---------- Provided records
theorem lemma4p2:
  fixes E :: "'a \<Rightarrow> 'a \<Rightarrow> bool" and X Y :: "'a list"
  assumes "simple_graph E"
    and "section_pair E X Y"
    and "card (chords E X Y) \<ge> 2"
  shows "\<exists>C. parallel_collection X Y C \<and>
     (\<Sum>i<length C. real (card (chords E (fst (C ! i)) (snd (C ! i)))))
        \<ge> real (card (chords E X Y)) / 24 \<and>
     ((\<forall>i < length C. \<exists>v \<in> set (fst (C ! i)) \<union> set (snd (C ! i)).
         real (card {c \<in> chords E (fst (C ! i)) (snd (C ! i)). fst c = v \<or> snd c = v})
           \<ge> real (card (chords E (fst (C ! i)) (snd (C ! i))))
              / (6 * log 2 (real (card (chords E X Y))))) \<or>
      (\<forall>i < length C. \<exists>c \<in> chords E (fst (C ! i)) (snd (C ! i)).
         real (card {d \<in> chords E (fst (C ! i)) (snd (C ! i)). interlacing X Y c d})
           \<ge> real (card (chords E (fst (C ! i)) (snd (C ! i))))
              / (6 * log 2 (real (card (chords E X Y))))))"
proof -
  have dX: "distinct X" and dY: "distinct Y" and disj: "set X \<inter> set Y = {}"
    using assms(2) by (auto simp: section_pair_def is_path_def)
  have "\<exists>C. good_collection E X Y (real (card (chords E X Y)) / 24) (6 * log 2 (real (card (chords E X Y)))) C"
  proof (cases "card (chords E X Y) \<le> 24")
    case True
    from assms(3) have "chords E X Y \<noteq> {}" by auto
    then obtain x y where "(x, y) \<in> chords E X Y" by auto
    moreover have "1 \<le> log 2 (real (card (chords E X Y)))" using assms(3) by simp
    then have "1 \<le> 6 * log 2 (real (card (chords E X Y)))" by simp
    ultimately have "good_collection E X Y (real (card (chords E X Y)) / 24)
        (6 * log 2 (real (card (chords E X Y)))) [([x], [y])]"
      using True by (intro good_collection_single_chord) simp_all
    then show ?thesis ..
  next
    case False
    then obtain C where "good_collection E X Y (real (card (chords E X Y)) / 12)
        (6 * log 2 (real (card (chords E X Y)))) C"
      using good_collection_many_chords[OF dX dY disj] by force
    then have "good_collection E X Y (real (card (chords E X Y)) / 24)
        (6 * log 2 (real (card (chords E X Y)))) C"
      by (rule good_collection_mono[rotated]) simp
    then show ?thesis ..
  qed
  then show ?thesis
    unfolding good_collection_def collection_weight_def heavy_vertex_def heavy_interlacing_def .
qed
--------------------
* _Your task_: Print out every record again, exactly and in full.

* _Solution to this exercise_:
theorem lemma4p2:
  fixes E :: "'a \<Rightarrow> 'a \<Rightarrow> bool" and X Y :: "'a list"
  assumes "simple_graph E"
    and "section_pair E X Y"
    and "card (chords E X Y) \<ge> 2"
  shows "\<exists>C. parallel_collection X Y C \<and>
     (\<Sum>i<length C. real (card (chords E (fst (C ! i)) (snd (C ! i)))))
        \<ge> real (card (chords E X Y)) / 24 \<and>
     ((\<forall>i < length C. \<exists>v \<in> set (fst (C ! i)) \<union> set (snd (C ! i)).
         real (card {c \<in> chords E (fst (C ! i)) (snd (C ! i)). fst c = v \<or> snd c = v})
           \<ge> real (card (chords E (fst (C ! i)) (snd (C ! i))))
              / (6 * log 2 (real (card (chords E X Y))))) \<or>
      (\<forall>i < length C. \<exists>c \<in> chords E (fst (C ! i)) (snd (C ! i)).
         real (card {d \<in> chords E (fst (C ! i)) (snd (C ! i)). interlacing X Y c d})
           \<ge> real (card (chords E (fst (C ! i)) (snd (C ! i))))
              / (6 * log 2 (real (card (chords E X Y))))))"
proof -
  have dX: "distinct X" and dY: "distinct Y" and disj: "set X \<inter> set Y = {}"
    using assms(2) by (auto simp: section_pair_def is_path_def)
  have "\<exists>C. good_collection E X Y (real (card (chords E X Y)) / 24) (6 * log 2 (real (card (chords E X Y)))) C"
  proof (cases "card (chords E X Y) \<le> 24")
    case True
    from assms(3) have "chords E X Y \<noteq> {}" by auto
    then obtain x y where "(x, y) \<in> chords E X Y" by auto
    moreover have "1 \<le> log 2 (real (card (chords E X Y)))" using assms(3) by simp
    then have "1 \<le> 6 * log 2 (real (card (chords E X Y)))" by simp
    ultimately have "good_collection E X Y (real (card (chords E X Y)) / 24)
        (6 * log 2 (real (card (chords E X Y)))) [([x], [y])]"
      using True by (intro good_collection_single_chord) simp_all
    then show ?thesis ..
  next
    case False
    then obtain C where "good_collection E X Y (real (card (chords E X Y)) / 12)
        (6 * log 2 (real (card (chords E X Y)))) C"
      using good_collection_many_chords[OF dX dY disj] by force
    then have "good_collection E X Y (real (card (chords E X Y)) / 24)
        (6 * log 2 (real (card (chords E X Y)))) C"
      by (rule good_collection_mono[rotated]) simp
    then show ?thesis ..
  qed
  then show ?thesis
    unfolding good_collection_def collection_weight_def heavy_vertex_def heavy_interlacing_def .
qed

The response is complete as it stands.